We have so much data and so much information that for us to go back and groupings distinct attitudes, distinct portfolios is doing us a bit of a disservice,” he told the audience.

“These groups work very well in marketing publications and in buzzwords, but if you actually looked at the correlation between the Gen X group, and the similarities in their financial portfolio and their needs, would it be that strong? I’m not so sure.”

In order to avoid “slabbing” Baby Boomers together, Fallick spoke about six retirement tribes as a way to learn how to tailor information for the age demographic.

“We partnered with the Australia Institute in March and created six retirement tribes in an effort to stop just slabbing this group of people together so that is defined by income, by couple or single, and by whether you own your own home or renter.

“Old people don’t want to be told they’re old, they want you to talk about a topic.”

She said starting events, such as YourLifeChoices’ two retirement boot camps this year – will help marketers have better conversations.

“Marketing – its intergenerational…so show as we are, not the old couple out on a limb, isolated.”

Also in the session, Tim Duggan, publisher at Junkee Media, said the history of being around for a long time – something of great value to financial services – was not important to Millennials.

“Year after year the most important quality that young Australians live for is a quality product, the second-most-important thing is acting ethically and with integrity, and the least important thing is having the history of being around for a long time,” he said.

Brands need to stop interrupting what people are interested in, says Duggan (centre)

“Financial services in particular, the fact they’ve been around for a long time is part of the core of who they are and that might resonate really well with people who want security, but young Australians just want the app to work, they want to be fast.”
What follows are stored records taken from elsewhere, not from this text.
lemma SUP_quantile:
  assumes "W \<noteq> {}" and W: "\<And>w. w \<in> W \<Longrightarrow> capacity M w" and X: "X \<in> bmfun M"
    and "0 < \<alpha>" and "\<alpha> \<le> 1"
  shows "(SUP w\<in>W. quantile M w \<alpha> X) = quantile M (\<lambda>A. SUP w\<in>W. w A) \<alpha> X"
proof -
  obtain a b where a: "ge_set M X a = space M" and b: "ge_set M X b = {}"
    using bmfun_ge_set_space_empty[OF X] .
  show ?thesis
    unfolding quantile_def
  proof (rule SUP_Inf_sublevel_antimono[where a = a and b = b])
    show "bdd_above ((\<lambda>w. w (ge_set M X x)) ` W)" for x
      using capacity_bounds(2)[OF W ge_set_in_sets[OF bmfun_measurable[OF X]]] by (auto intro!: bdd_aboveI[of _ 1])
  qed (use assms capacity_ge_set_antimono[OF W bmfun_measurable[OF X]] in
         \<open>auto simp: a b capacity_space[OF W] capacity_empty[OF W]\<close>)
qed

lemma INF_upper_quantile:
  assumes "W \<noteq> {}" and W: "\<And>w. w \<in> W \<Longrightarrow> capacity M w" and X: "X \<in> bmfun M"
    and "0 \<le> \<alpha>" and "\<alpha> < 1"
  shows "(INF w\<in>W. upper_quantile M w \<alpha> X) = upper_quantile M (\<lambda>A. INF w\<in>W. w A) \<alpha> X"
proof -
  obtain a b where a: "ge_set M X a = space M" and b: "ge_set M X b = {}"
    using bmfun_ge_set_space_empty[OF X] .
  show ?thesis
    unfolding upper_quantile_def
  proof (rule INF_Inf_strict_sublevel_antimono[where a = a and b = b])
    show "bdd_below ((\<lambda>w. w (ge_set M X x)) ` W)" for x
      using capacity_bounds(1)[OF W ge_set_in_sets[OF bmfun_measurable[OF X]]] by (auto intro!: bdd_belowI[of _ 0])
  qed (use assms capacity_ge_set_antimono[OF W bmfun_measurable[OF X]] in
         \<open>auto simp: a b capacity_space[OF W] capacity_empty[OF W]\<close>)
qed


lemma capacity_SUP:
  assumes "W \<noteq> {}" and W: "\<And>w. w \<in> W \<Longrightarrow> capacity M w"
  shows "capacity M (\<lambda>A. SUP w\<in>W. w A)"
  unfolding capacity_def
proof (intro conjI ballI impI)
  fix A B assume "A \<in> sets M" "B \<in> sets M" "A \<subseteq> B"
  then have "w A \<le> w B" if "w \<in> W" for w
    using capacity_mono[OF W[OF that]] by simp
  then show "(SUP w\<in>W. w A) \<le> (SUP w\<in>W. w B)"
    using \<open>W \<noteq> {}\<close> capacity_bounds(2)[OF W \<open>B \<in> sets M\<close>]
    by (intro cSUP_mono) (auto intro!: bdd_aboveI[of _ 1])
next
  have "(SUP w\<in>W. w {}) = (SUP w\<in>W. 0)" "(SUP w\<in>W. w (space M)) = (SUP w\<in>W. 1)"
    by (auto intro!: SUP_cong simp: capacity_empty[OF W] capacity_space[OF W])
  then show "(SUP w\<in>W. w {}) = 0" "(SUP w\<in>W. w (space M)) = 1"
    using \<open>W \<noteq> {}\<close> by simp_all
qed

lemma capacity_INF:
  assumes "W \<noteq> {}" and W: "\<And>w. w \<in> W \<Longrightarrow> capacity M w"
  shows "capacity M (\<lambda>A. INF w\<in>W. w A)"
  unfolding capacity_def
proof (intro conjI ballI impI)
  fix A B assume "A \<in> sets M" "B \<in> sets M" "A \<subseteq> B"
  then have "w A \<le> w B" if "w \<in> W" for w
    using capacity_mono[OF W[OF that]] by simp
  then show "(INF w\<in>W. w A) \<le> (INF w\<in>W. w B)"
    using \<open>W \<noteq> {}\<close> capacity_bounds(1)[OF W \<open>A \<in> sets M\<close>]
    by (intro cINF_mono) (auto intro!: bdd_belowI[of _ 0])
next
  have "(INF w\<in>W. w {}) = (INF w\<in>W. 0)" "(INF w\<in>W. w (space M)) = (INF w\<in>W. 1)"
    by (auto intro!: INF_cong simp: capacity_empty[OF W] capacity_space[OF W])
  then show "(INF w\<in>W. w {}) = 0" "(INF w\<in>W. w (space M)) = 1"
    using \<open>W \<noteq> {}\<close> by simp_all
qed

lemma Sup_subset_zero_one:
  fixes S :: "real set"
  assumes "S \<noteq> {}" and "S \<subseteq> {0, 1}"
  shows "Sup S \<in> {0, 1}"
proof -
  have "finite S"
    using assms(2) by (rule finite_subset) simp
  then show ?thesis
    using assms by (metis cSup_eq_Max Max_in subsetD)
qed

lemma Inf_subset_zero_one:
  fixes S :: "real set"
  assumes "S \<noteq> {}" and "S \<subseteq> {0, 1}"
  shows "Inf S \<in> {0, 1}"
proof -
  have "finite S"
    using assms(2) by (rule finite_subset) simp
  then show ?thesis
    using assms by (metis cInf_eq_Min Min_in subsetD)
qed

lemma binary_capacity_SUP:
  assumes "V \<noteq> {}" and V: "\<And>v. v \<in> V \<Longrightarrow> binary_capacity M v"
  shows "binary_capacity M (\<lambda>A. SUP v\<in>V. v A)"
  unfolding binary_capacity_def
proof (intro conjI ballI)
  show "capacity M (\<lambda>A. SUP v\<in>V. v A)"
    using assms by (intro capacity_SUP) (auto simp: binary_capacity_def)
  fix A assume "A \<in> sets M"
  then have "(\<lambda>v. v A) ` V \<subseteq> {0, 1}"
    using V by (auto simp: binary_capacity_def)
  then show "(SUP v\<in>V. v A) \<in> {0, 1}"
    using \<open>V \<noteq> {}\<close> by (intro Sup_subset_zero_one) auto
qed

lemma binary_capacity_INF:
  assumes "V \<noteq> {}" and V: "\<And>v. v \<in> V \<Longrightarrow> binary_capacity M v"
  shows "binary_capacity M (\<lambda>A. INF v\<in>V. v A)"
  unfolding binary_capacity_def
proof (intro conjI ballI)
  show "capacity M (\<lambda>A. INF v\<in>V. v A)"
    using assms by (intro capacity_INF) (auto simp: binary_capacity_def)
  fix A assume "A \<in> sets M"
  then have "(\<lambda>v. v A) ` V \<subseteq> {0, 1}"
    using V by (auto simp: binary_capacity_def)
  then show "(INF v\<in>V. v A) \<in> {0, 1}"
    using \<open>V \<noteq> {}\<close> by (intro Inf_subset_zero_one) auto
qed


lemma antimono_zero_one_step:
  fixes g :: "real \<Rightarrow> real"
  assumes anti: "antimono g" and vals: "\<And>x. g x \<in> {0, 1}" and "g a = 1" and "g b = 0"
  shows "x < Inf {x. g x = 0} \<Longrightarrow> g x = 1" and "Inf {x. g x = 0} < x \<Longrightarrow> g x = 0"
proof -
  define Z where "Z = {x. g x = 0}"
  have "b \<in> Z"
    using \<open>g b = 0\<close> by (simp add: Z_def)
  have "a \<le> z" if "z \<in> Z" for z
  proof (rule ccontr)
    assume "\<not> a \<le> z"
    then have "g a \<le> g z"
      using antimonoD[OF anti] by simp
    with \<open>g a = 1\<close> that show False
      by (simp add: Z_def)
  qed
  then have "bdd_below Z"
    by (rule bdd_belowI)
  show "g x = 1" if "x < Inf {x. g x = 0}"
  proof (rule ccontr)
    assume "g x \<noteq> 1"
    then have "x \<in> Z"
      using vals[of x] by (simp add: Z_def)
    then show False
      using cInf_lower[OF _ \<open>bdd_below Z\<close>] that by (fastforce simp: Z_def)
  qed
  show "g x = 0" if gt: "Inf {x. g x = 0} < x"
  proof -
    obtain z where "z \<in> Z" "z < x"
      using cInf_lessD[of Z x] \<open>b \<in> Z\<close> gt by (auto simp: Z_def)
    then have "g x \<le> 0"
      using antimonoD[OF anti, of z x] by (simp add: Z_def)
    then show ?thesis
      using vals[of x] by auto
  qed
qed

lemma step_function_choquet_integral:
  fixes g :: "real \<Rightarrow> real"
  assumes lt: "\<And>x. x < c \<Longrightarrow> g x = 1" and gt: "\<And>x. c < x \<Longrightarrow> g x = 0"
  shows "integral {..0} (\<lambda>x. g x - 1) + integral {0..} g = c"
proof -
  have "((\<lambda>x. -1::real) has_integral min c 0) {min c 0..0}"
    using has_integral_const_real[of "-1::real" "min c 0" 0] by simp
  then have "((\<lambda>x. if x \<in> {min c 0..0} then -1::real else 0) has_integral min c 0) {..0}"
    by (subst has_integral_restrict) auto
  then have neg: "((\<lambda>x. g x - 1) has_integral min c 0) {..0}"
    by (rule has_integral_spike_finite[where S="{c,0}", rotated 2]) (auto simp: lt gt)
  have "((\<lambda>x. 1::real) has_integral max c 0) {0..max c 0}"
    using has_integral_const_real[of "1::real" 0 "max c 0"] by simp
  then have "((\<lambda>x. if x \<in> {0..max c 0} then 1::real else 0) has_integral max c 0) {0..}"
    by (subst has_integral_restrict) auto
  then have pos: "(g has_integral max c 0) {0..}"
    by (rule has_integral_spike_finite[where S="{c,0}", rotated 2]) (auto simp: lt gt)
  show ?thesis
    using integral_unique[OF neg] integral_unique[OF pos] by simp
qed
Commenting on ways to find out more about Millennials, Duggan told the audience to be more relevant and interesting.

“How do you find what people are interested in? Do research, speak to experts, once you find what they are interested in, then you create content for them, you create ads for them, sometime ads are content – the whole thing is blurring.

“The philosophy we live and die by is that brands need to stop interrupting what people are interested in, and actually be what people are interested in.”